The current outlook for Bitcoin (BTC) is heavily bearish, with the path of least resistance pointing toward a primary price target in the $42,000 - $48,000 range. Investors should avoid "buying the dip" or opening long positions now, as market makers are actively hunting liquidation clusters created by over-leveraged retail traders. If you are looking for short-term relief bounces to hedge or scalp, monitor the $61,800 and $60,300 levels, but maintain an overall downward bias. Avoid Altcoins like SUI and ICP entirely, as they lack the liquidity to withstand the current sell-off and typically suffer much steeper losses than Bitcoin. Stay "risk-off" and preserve capital until institutional outflows from ETFs like IBIT reverse and global macroeconomic tensions stabilize.
The analyst maintains a heavily bearish outlook on Bitcoin, citing a "straight line" sell-off from $74,000 and predicting that the market is not yet finished with its downward trajectory. The primary driver is a combination of spot selling pressure, liquidations of over-leveraged long positions, and deteriorating macroeconomic conditions.
• Price Targets: - Primary Target: The mid-40s range ($42,000 - $48,000). - Immediate Support: $60,300 is identified as a crucial level based on "dwell time" (historical volume). - Short-term Targets: $61,800 and $60,350 are areas where the analyst expects temporary bounces. • Market Sentiment: Extremely bearish. The analyst describes the current state as "roller skating downhill without experience" and believes the "path of least resistance" is down. • Key Indicators: - Spot CVD (Cumulative Volume Delta): Spot selling is leading the market. The analyst emphasizes that futures cannot manipulate the market upward if spot continues to sell. - Liquidation Clusters: Massive amounts of long liquidations are still being "hunted" by market makers. - Dwell Blocks: Horizontal levels where price has historically spent the most time are used for support/resistance rather than vertical trend lines.
• Avoid "Aping" into Longs: The analyst warns that as long as retail investors keep trying to catch the bottom by opening long positions, market makers will continue to pressure the price lower to liquidate them. • The "Trend is Your Friend": Do not fight the downward momentum. The analyst is currently holding a massive short position from the $82,000 (structure high) level. • Hedging Strategy: For those in profitable shorts, the analyst suggests "laddering" small long scalps at $61,800 and $60,300 to protect mental capital and offset funding fees, but not as a change in overall bias. • Watch the Stock Market: If the US stock market "rolls over" and turns red, it will act as an even bigger catalyst for Bitcoin to drop further.
The analyst expresses a strong refusal to trade or recommend altcoins in the current environment.
• General Sentiment: Bearish/Avoidance. • Sui (SUI): Specifically mentioned that he "does not touch" it and has no entry price. • Internet Computer (ICP): Criticized as having one of the "most abysmal charts" since launch. • Risk Factor: Altcoins are currently "wrecking" investors. The analyst specializes in Bitcoin only because the liquidity allows for larger position sizes without the extreme volatility/risk of alts during a dump.
• Capital Preservation: The recommendation is to stay away from altcoins during this period of Bitcoin instability, as they typically drop significantly harder than Bitcoin when the market bleeds.
Several broader factors are contributing to the bearish thesis for the crypto market.

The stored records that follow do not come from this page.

(* Let $\mathcal{M}$ be a matroid on $[n]$, $J=J(\mathcal{M})$, and let $N$ be a monomial. (1) If $N\notin J$, then $SF_\ell(J:N)=SF_\ell(J):N$ for all $\ell\ge1$. (2) If $N\in G(J)$, then for every $v$ with $x_v\mid N$ and every $\ell>1$, $$SF_\ell(J):N=SF_{\ell-1}\big(J(\mathcal{M}/v):N\big).$$
   Context: $R=\mathbb{K}[x_1,\ldots,x_n]$, $\mathbb{K}$ a field; $\mathfrak p_F=(x_i:i\in F)$. The cover ideal of a matroid $\mathcal{N}$ on $E\subseteq[n]$ is $J(\mathcal{N})=\bigcap_{F\in\mathcal{B}(\mathcal{N})}\mathfrak p_F$, formed in $\mathbb{K}[x_i:i\in E]$ and extended to $R$. $\mathcal{M}/v$ is the contraction of $\mathcal{M}$ by $\{v\}$ (a matroid on $[n]-\{v\}$). For a squarefree monomial ideal $I$ with minimal primes $\mathfrak q_j$, $I^{(\ell)}=\bigcap_j\mathfrak q_j^\ell$ and $SF_\ell(I)$ is the ideal generated by the squarefree monomials in $I^{(\ell)}$ ($SF_\ell(I)=0$ if there are none). $G(\cdot)$ denotes minimal monomial generators. *)

theory Defs
  imports Main
begin

text \<open>Monomials of R = K[x_1,...,x_n] are encoded by their exponent vectors
  (functions nat => nat vanishing outside {1..n}).  A monomial ideal is encoded
  by the set of monomials it contains; two monomial ideals are equal iff these
  sets coincide.\<close>

definition monomials :: "nat \<Rightarrow> (nat \<Rightarrow> nat) set" where
  "monomials n = {m. \<forall>i. i \<notin> {1..n} \<longrightarrow> m i = 0}"

definition mdvd :: "(nat \<Rightarrow> nat) \<Rightarrow> (nat \<Rightarrow> nat) \<Rightarrow> bool" where
  "mdvd a b \<longleftrightarrow> (\<forall>i. a i \<le> b i)"

definition mmult :: "(nat \<Rightarrow> nat) \<Rightarrow> (nat \<Rightarrow> nat) \<Rightarrow> (nat \<Rightarrow> nat)" where
  "mmult a b = (\<lambda>i. a i + b i)"

definition sqfree_mon :: "(nat \<Rightarrow> nat) \<Rightarrow> bool" where
  "sqfree_mon m \<longleftrightarrow> (\<forall>i. m i \<le> 1)"

definition prime_mon :: "nat \<Rightarrow> nat set \<Rightarrow> (nat \<Rightarrow> nat) set" where
  "prime_mon n F = {m \<in> monomials n. \<exists>i\<in>F. 0 < m i}"

text \<open>Monomials in p_F^l: total degree in the variables of F is at least l.\<close>
definition prime_pow_mon :: "nat \<Rightarrow> nat set \<Rightarrow> nat \<Rightarrow> (nat \<Rightarrow> nat) set" where
  "prime_pow_mon n F l = {m \<in> monomials n. l \<le> (\<Sum>i\<in>F. m i)}"

definition matroid_bases :: "nat set \<Rightarrow> nat set set \<Rightarrow> bool" where
  "matroid_bases E \<B> \<longleftrightarrow> finite E \<and> \<B> \<noteq> {} \<and> (\<forall>F\<in>\<B>. F \<subseteq> E) \<and>
     (\<forall>B1\<in>\<B>. \<forall>B2\<in>\<B>. \<forall>x\<in>B1 - B2. \<exists>y\<in>B2 - B1. insert y (B1 - {x}) \<in> \<B>)"

definition contract_bases :: "nat set set \<Rightarrow> nat \<Rightarrow> nat set set" where
  "contract_bases \<B> v =
     (if \<exists>F\<in>\<B>. v \<in> F then {F - {v} | F. F \<in> \<B> \<and> v \<in> F} else \<B>)"
section \<open>The exponential generating function of the iterated integrals\<close>

definition iter_int_egf :: "(real \<Rightarrow> real) \<Rightarrow> (real \<Rightarrow> real) \<Rightarrow> real \<Rightarrow> real \<Rightarrow> real" where
  "iter_int_egf F w z u = (\<Sum>j. z ^ j / fact j * iter_int F w j u)"

lemma iter_int_egf_0 [simp]: "iter_int_egf F w 0 u = w u"
proof -
  have "(\<lambda>j. 0 ^ j / fact j * iter_int F w j u) = (\<lambda>j. if j = 0 then w u else 0)"
    by (auto simp: fun_eq_iff)
  then show ?thesis
    using sums_single[of 0 "\<lambda>_. w u"] by (simp add: iter_int_egf_def sums_iff)
qed

lemma summable_iter_int_egf:
  "continuous_on UNIV F \<Longrightarrow> continuous_on UNIV w \<Longrightarrow> summable (\<lambda>j. z ^ j / fact j * iter_int F w j u)"
  by (intro summable_iter_int_series summable_exp_powser)

lemma iter_int_egf_eq_head_tail:
  assumes "continuous_on UNIV F" "continuous_on UNIV w"
  shows "iter_int_egf F w z u = w u + (\<Sum>j. z ^ Suc j / fact (Suc j) * iter_int F w (Suc j) u)"
  using suminf_split_head[OF summable_iter_int_egf[OF assms]] by (simp add: iter_int_egf_def)

lemma continuous_on_iter_int_egf:
  "continuous_on UNIV F \<Longrightarrow> continuous_on UNIV w \<Longrightarrow> continuous_on UNIV (iter_int_egf F w z)"
  unfolding iter_int_egf_def[abs_def] by (intro continuous_on_iter_int_series summable_exp_powser)

lemma oint_iter_int_egf:
  "continuous_on UNIV F \<Longrightarrow> continuous_on UNIV w \<Longrightarrow>
     oint 0 u (\<lambda>s. F s * iter_int_egf F w z s) = (\<Sum>j. z ^ j / fact j * iter_int F w (Suc j) u)"
  unfolding iter_int_egf_def by (intro oint_iter_int_series summable_exp_powser)
text \<open>H_p = L^2_0(p), represented by functions (not a.e.-classes).\<close>
definition Hp :: "'a measure \<Rightarrow> ('a \<Rightarrow> real) \<Rightarrow> ('a \<Rightarrow> real) set" where
  "Hp M p = {u. u \<in> borel_measurable M \<and> integrable M (\<lambda>x. p x * (u x)\<^sup>2) \<and>
                integrable M (\<lambda>x. p x * u x) \<and> Ep M p u = 0}"

definition inner_p :: "'a measure \<Rightarrow> ('a \<Rightarrow> real) \<Rightarrow> ('a \<Rightarrow> real) \<Rightarrow> ('a \<Rightarrow> real) \<Rightarrow> real" where
  "inner_p M p u v = Ep M p (\<lambda>x. u x * v x)"

definition Utr :: "'a measure \<Rightarrow> ('a \<Rightarrow> real) \<Rightarrow> ('a \<Rightarrow> real) \<Rightarrow> ('a \<Rightarrow> real) \<Rightarrow> ('a \<Rightarrow> real)" where
  "Utr M p q u = (\<lambda>x. sqrt (p x / q x) * u x
      - inverse (1 + Ep M q (\<lambda>y. sqrt (p y / q y))) * (1 + sqrt (p x / q x))
        * Ep M q (\<lambda>y. sqrt (p y / q y) * u y))"

end

theory Submission
  imports Defs
begin

text \<open>Write \<open>S = sqrt (p/q)\<close>, \<open>r = sqrt (p q) = q S\<close> and let \<open>a = \<integral> r\<close> be the
  Bhattacharyya coefficient of \<open>p\<close> and \<open>q\<close>. Then \<open>U\<^sub>p\<^sup>q u = S u - K u (1 + S)\<close> with
  \<open>K u = (\<integral> r u) / (1 + a)\<close>: multiplication by \<open>S\<close> maps \<open>L\<^sup>2(p)\<close> isometrically to
  \<open>L\<^sup>2(q)\<close>, and the correction along \<open>1 + S\<close> restores mean zero. Expanding gives
  \<open>E\<^sub>q[(U\<^sub>p\<^sup>q u) v] = \<integral> r u v - (\<integral> r u)(\<integral> r v) / (1 + a)\<close>, which is symmetric
  under \<open>(p, u) \<leftrightarrow> (q, v)\<close>; this is the adjointness. Similarly
  \<open>\<integral> r U\<^sub>p\<^sup>q u = - K u (1 + a)\<close>, so the coefficient of \<open>U\<^sub>p\<^sup>q u\<close> is \<open>- K u\<close> and
  \<open>U\<^sub>q\<^sup>p\<close> inverts \<open>U\<^sub>p\<^sup>q\<close> pointwise. Isometry follows from adjointness and inversion,
  surjectivity from inversion with the roles of \<open>p\<close> and \<open>q\<close> exchanged.\<close>

definition weighted_L2 :: "'a measure \<Rightarrow> ('a \<Rightarrow> real) \<Rightarrow> ('a \<Rightarrow> real) set" where
  "weighted_L2 M w = {f \<in> borel_measurable M. integrable M (\<lambda>x. w x * (f x)\<^sup>2)}"

lemma weighted_L2_D:
  assumes "f \<in> weighted_L2 M w"
  shows "f \<in> borel_measurable M" "integrable M (\<lambda>x. w x * (f x)\<^sup>2)"
  using assms unfolding weighted_L2_def by auto

lemma integrable_sqrt_weights_mult:
  assumes "w \<in> borel_measurable M" "w' \<in> borel_measurable M"
    and "AE x in M. 0 \<le> w x" "AE x in M. 0 \<le> w' x"
    and f: "f \<in> weighted_L2 M w" and g: "g \<in> weighted_L2 M w'"
  shows "integrable M (\<lambda>x. sqrt (w x * w' x) * f x * g x)"
proof (rule Bochner_Integration.integrable_bound)
  show "integrable M (\<lambda>x. (w x * (f x)\<^sup>2 + w' x * (g x)\<^sup>2) / 2)"
    using weighted_L2_D(2)[OF f] weighted_L2_D(2)[OF g] by auto
  show "(\<lambda>x. sqrt (w x * w' x) * f x * g x) \<in> borel_measurable M"
    using assms weighted_L2_D(1)[OF f] weighted_L2_D(1)[OF g] by measurable
  show "AE x in M. norm (sqrt (w x * w' x) * f x * g x) \<le> norm ((w x * (f x)\<^sup>2 + w' x * (g x)\<^sup>2) / 2)"
    using assms(3,4)
  proof eventually_elim
    case (elim x)
    have "norm (sqrt (w x * w' x) * f x * g x) = sqrt ((w x * (f x)\<^sup>2) * (w' x * (g x)\<^sup>2))"
      using elim by (simp add: real_sqrt_mult abs_mult)
    also have "\<dots> \<le> (w x * (f x)\<^sup>2 + w' x * (g x)\<^sup>2) / 2"
      using elim by (intro arith_geo_mean_sqrt) auto
    finally show ?case by simp
  qed
qed

lemma integrable_weighted_mult:
  assumes "w \<in> borel_measurable M" "AE x in M. 0 \<le> w x"
    and "f \<in> weighted_L2 M w" "g \<in> weighted_L2 M w"
  shows "integrable M (\<lambda>x. w x * f x * g x)"
proof (rule integrable_cong_AE_imp)
  show "integrable M (\<lambda>x. sqrt (w x * w x) * f x * g x)"
    using assms by (intro integrable_sqrt_weights_mult)
  show "AE x in M. sqrt (w x * w x) * f x * g x = w x * f x * g x"
    using assms(2) by eventually_elim simp
qed (use assms weighted_L2_D in measurable)

lemma weighted_L2_add:
  assumes "w \<in> borel_measurable M" "AE x in M. 0 \<le> w x"
    and f: "f \<in> weighted_L2 M w" and g: "g \<in> weighted_L2 M w"
  shows "(\<lambda>x. f x + g x) \<in> weighted_L2 M w"
proof -
  have "integrable M (\<lambda>x. w x * (f x)\<^sup>2 + 2 * (w x * f x * g x) + w x * (g x)\<^sup>2)"
    using assms weighted_L2_D integrable_weighted_mult
    by (intro Bochner_Integration.integrable_add integrable_mult_right) auto
  then have "integrable M (\<lambda>x. w x * (f x + g x)\<^sup>2)"
    by (simp add: power2_sum algebra_simps)
  then show ?thesis
    using f g unfolding weighted_L2_def by auto
qed

lemma weighted_L2_cmult:
  assumes "f \<in> weighted_L2 M w"
  shows "(\<lambda>x. c * f x) \<in> weighted_L2 M w"
proof -
  have "integrable M (\<lambda>x. c\<^sup>2 * (w x * (f x)\<^sup>2))"
    using weighted_L2_D(2)[OF assms] by simp
  then show ?thesis
    using assms unfolding weighted_L2_def by (auto simp: power_mult_distrib mult_ac)
qed

lemma weighted_L2_diff:
  assumes "w \<in> borel_measurable M" "AE x in M. 0 \<le> w x"
    and "f \<in> weighted_L2 M w" "g \<in> weighted_L2 M w"
  shows "(\<lambda>x. f x - g x) \<in> weighted_L2 M w"
  using weighted_L2_add[OF assms(1,2,3) weighted_L2_cmult[OF assms(4), of "-1"]] by simp

lemma weighted_L2_const:
  assumes "integrable M w"
  shows "(\<lambda>x. c) \<in> weighted_L2 M w"
  using assms unfolding weighted_L2_def by auto

lemma has_bochner_integral_AE_eq:
  assumes "has_bochner_integral M g I" "f \<in> borel_measurable M" "AE x in M. f x = g x"
  shows "has_bochner_integral M f I"
  using assms(1) has_bochner_integral_cong_AE[OF assms(2)
      borel_measurable_has_bochner_integral[OF assms(1)] assms(3)]
  by simp

lemma Hp_iff:
  "u \<in> Hp M p \<longleftrightarrow> u \<in> weighted_L2 M p \<and> has_bochner_integral M (\<lambda>x. p x * u x) 0"
  unfolding Hp_def weighted_L2_def Ep_def by (auto simp: has_bochner_integral_iff)

lemma Hp_measurable: "u \<in> Hp M p \<Longrightarrow> u \<in> borel_measurable M"
  unfolding Hp_def by simp

lemma inner_p_commute: "inner_p M p u v = inner_p M p v u"
  unfolding inner_p_def Ep_def by (simp add: mult.commute)

definition bhattacharyya_coeff :: "'a measure \<Rightarrow> ('a \<Rightarrow> real) \<Rightarrow> ('a \<Rightarrow> real) \<Rightarrow> real" where
  "bhattacharyya_coeff M p q = (\<integral>x. sqrt (p x * q x) \<partial>M)"

definition Utr_coeff :: "'a measure \<Rightarrow> ('a \<Rightarrow> real) \<Rightarrow> ('a \<Rightarrow> real) \<Rightarrow> ('a \<Rightarrow> real) \<Rightarrow> real" where
  "Utr_coeff M p q u = (\<integral>x. sqrt (p x * q x) * u x \<partial>M) / (1 + bhattacharyya_coeff M p q)"

lemma bhattacharyya_coeff_commute: "bhattacharyya_coeff M q p = bhattacharyya_coeff M p q"
  unfolding bhattacharyya_coeff_def by (simp add: mult.commute)

lemma Utr_coeff_commute: "Utr_coeff M q p u = Utr_coeff M p q u"
  unfolding Utr_coeff_def bhattacharyya_coeff_def by (simp add: mult.commute)

lemma sqrt_ratio_mult:
  fixes P Q :: real
  assumes "0 < P" "0 < Q"
  shows "Q * sqrt (P / Q) = sqrt (P * Q)" "sqrt (P * Q) * sqrt (P / Q) = P"
    and "sqrt (Q / P) * sqrt (P / Q) = 1"
proof -
  have "sqrt P * sqrt P = P" "sqrt Q * sqrt Q = Q" "sqrt Q \<noteq> 0"
    using assms by auto
  then show "Q * sqrt (P / Q) = sqrt (P * Q)" "sqrt (P * Q) * sqrt (P / Q) = P"
    using assms by (simp_all add: real_sqrt_divide real_sqrt_mult field_simps)
  show "sqrt (Q / P) * sqrt (P / Q) = 1"
    using assms by (simp add: real_sqrt_mult[symmetric])
qed

locale density_pair =
  fixes M :: "'a measure" and p q :: "'a \<Rightarrow> real"
  assumes p_Ppos: "p \<in> Ppos M" and q_Ppos: "q \<in> Ppos M"
begin

lemma swap: "density_pair M q p"
  using p_Ppos q_Ppos by unfold_locales

lemma density_measurable [measurable]: "p \<in> borel_measurable M" "q \<in> borel_measurable M"
  using p_Ppos q_Ppos unfolding Ppos_def by auto

lemma has_integral_density: "has_bochner_integral M p 1" "has_bochner_integral M q 1"
  using p_Ppos q_Ppos unfolding Ppos_def by (auto simp: has_bochner_integral_iff)

lemma AE_density_pos: "AE x in M. 0 < p x \<and> 0 < q x"
  using p_Ppos q_Ppos unfolding Ppos_def by auto

lemma one_weighted_L2: "(\<lambda>x. 1) \<in> weighted_L2 M p" "(\<lambda>x. 1) \<in> weighted_L2 M q"
  using has_integral_density by (auto simp: has_bochner_integral_iff intro!: weighted_L2_const)

lemma integrable_sqrt_density_mult:
  assumes "u \<in> weighted_L2 M p" "v \<in> weighted_L2 M q"
  shows "integrable M (\<lambda>x. sqrt (p x * q x) * u x * v x)"
  using AE_density_pos assms by (intro integrable_sqrt_weights_mult) (auto elim: eventually_mono)

lemma has_integral_sqrt_density_mult:
  assumes "u \<in> weighted_L2 M p"
  shows "has_bochner_integral M (\<lambda>x. sqrt (p x * q x) * u x) (\<integral>x. sqrt (p x * q x) * u x \<partial>M)"
  using integrable_sqrt_density_mult[OF assms one_weighted_L2(2)]
  by (simp add: has_bochner_integral_iff)

lemma has_integral_bhattacharyya_coeff:
  "has_bochner_integral M (\<lambda>x. sqrt (p x * q x)) (bhattacharyya_coeff M p q)"
  using has_integral_sqrt_density_mult[OF one_weighted_L2(1)] by (simp add: bhattacharyya_coeff_def)

lemma bhattacharyya_coeff_nonneg: "0 \<le> bhattacharyya_coeff M p q"
  unfolding bhattacharyya_coeff_def using AE_density_pos
  by (intro integral_nonneg_AE) (auto elim: eventually_mono)

lemma Utr_coeff_mult:
  "Utr_coeff M p q u * (1 + bhattacharyya_coeff M p q) = (\<integral>x. sqrt (p x * q x) * u x \<partial>M)"
  using bhattacharyya_coeff_nonneg unfolding Utr_coeff_def by simp

lemma Ep_sqrt_ratio_mult:
  assumes [measurable]: "u \<in> borel_measurable M"
  shows "Ep M q (\<lambda>x. sqrt (p x / q x) * u x) = (\<integral>x. sqrt (p x * q x) * u x \<partial>M)"
  unfolding Ep_def
proof (rule integral_cong_AE)
  show "AE x in M. q x * (sqrt (p x / q x) * u x) = sqrt (p x * q x) * u x"
    using AE_density_pos by eventually_elim (simp add: sqrt_ratio_mult mult.assoc[symmetric])
qed measurable

lemma Utr_eq:
  assumes [measurable]: "u \<in> borel_measurable M"
  shows "Utr M p q u = (\<lambda>x. sqrt (p x / q x) * u x - Utr_coeff M p q u * (1 + sqrt (p x / q x)))"
  using Ep_sqrt_ratio_mult[OF assms] Ep_sqrt_ratio_mult[of "\<lambda>x. 1"]
  unfolding Utr_def Utr_coeff_def bhattacharyya_coeff_def by (simp add: divide_inverse mult_ac)

lemma Utr_measurable [measurable]:
  assumes "u \<in> borel_measurable M"
  shows "Utr M p q u \<in> borel_measurable M"
  unfolding Utr_eq[OF assms] using assms by measurable

lemma AE_mult_Utr:
  assumes "u \<in> borel_measurable M"
  defines "K \<equiv> Utr_coeff M p q u"
  shows "AE x in M. q x * Utr M p q u x = sqrt (p x * q x) * u x - K * q x - K * sqrt (p x * q x)"
    and "AE x in M. sqrt (p x * q x) * Utr M p q u x = p x * u x - K * sqrt (p x * q x) - K * p x"
    and "AE x in M. sqrt (q x / p x) * Utr M p q u x + K * (1 + sqrt (q x / p x)) = u x"
proof -
  have expand: "W * (S * U - K * (1 + S)) = (W * S) * U - K * W - K * (W * S)" for W S U :: real
    by (simp add: algebra_simps)
  show "AE x in M. q x * Utr M p q u x = sqrt (p x * q x) * u x - K * q x - K * sqrt (p x * q x)"
    using AE_density_pos
    by eventually_elim (simp only: Utr_eq[OF assms(1)] K_def[symmetric] expand sqrt_ratio_mult)
  show "AE x in M. sqrt (p x * q x) * Utr M p q u x = p x * u x - K * sqrt (p x * q x) - K * p x"
    using AE_density_pos
    by eventually_elim (simp only: Utr_eq[OF assms(1)] K_def[symmetric] expand sqrt_ratio_mult)
  show "AE x in M. sqrt (q x / p x) * Utr M p q u x + K * (1 + sqrt (q x / p x)) = u x"
    using AE_density_pos
    by eventually_elim
      (simp add: Utr_eq[OF assms(1)] K_def[symmetric] expand sqrt_ratio_mult algebra_simps)
qed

• Institutional Outflows: Mention of IBIT (BlackRock ETF) seeing outflows and a lack of spot demand. • MicroStrategy (MSTR): The analyst views Michael Saylor’s massive Bitcoin position as a "danger" to the market, noting that if he is not actively buying, the "spot pressure" disappears. • Geopolitical Tensions: War (specifically mentioning Iran) and global inflation are causing investors to "risk off" and move money into dividends or safer assets. • Regulatory Pressure (MiCA): New European regulations (MiCA) are forcing users to move funds off exchanges, thinning out order books and reducing available liquidity.
• Wait for Fundamental Change: A market bottom is a process, not a "flip of a switch." The analyst suggests that until there is a fundamental shift in the economy or geopolitics, the market will remain under pressure. • Monitor "Money Flow": Use tools (like the mentioned FlowX) to track where actual money is moving rather than relying on lagging indicators like RSI or MACD, which the analyst claims can stay "oversold" for weeks during a crash.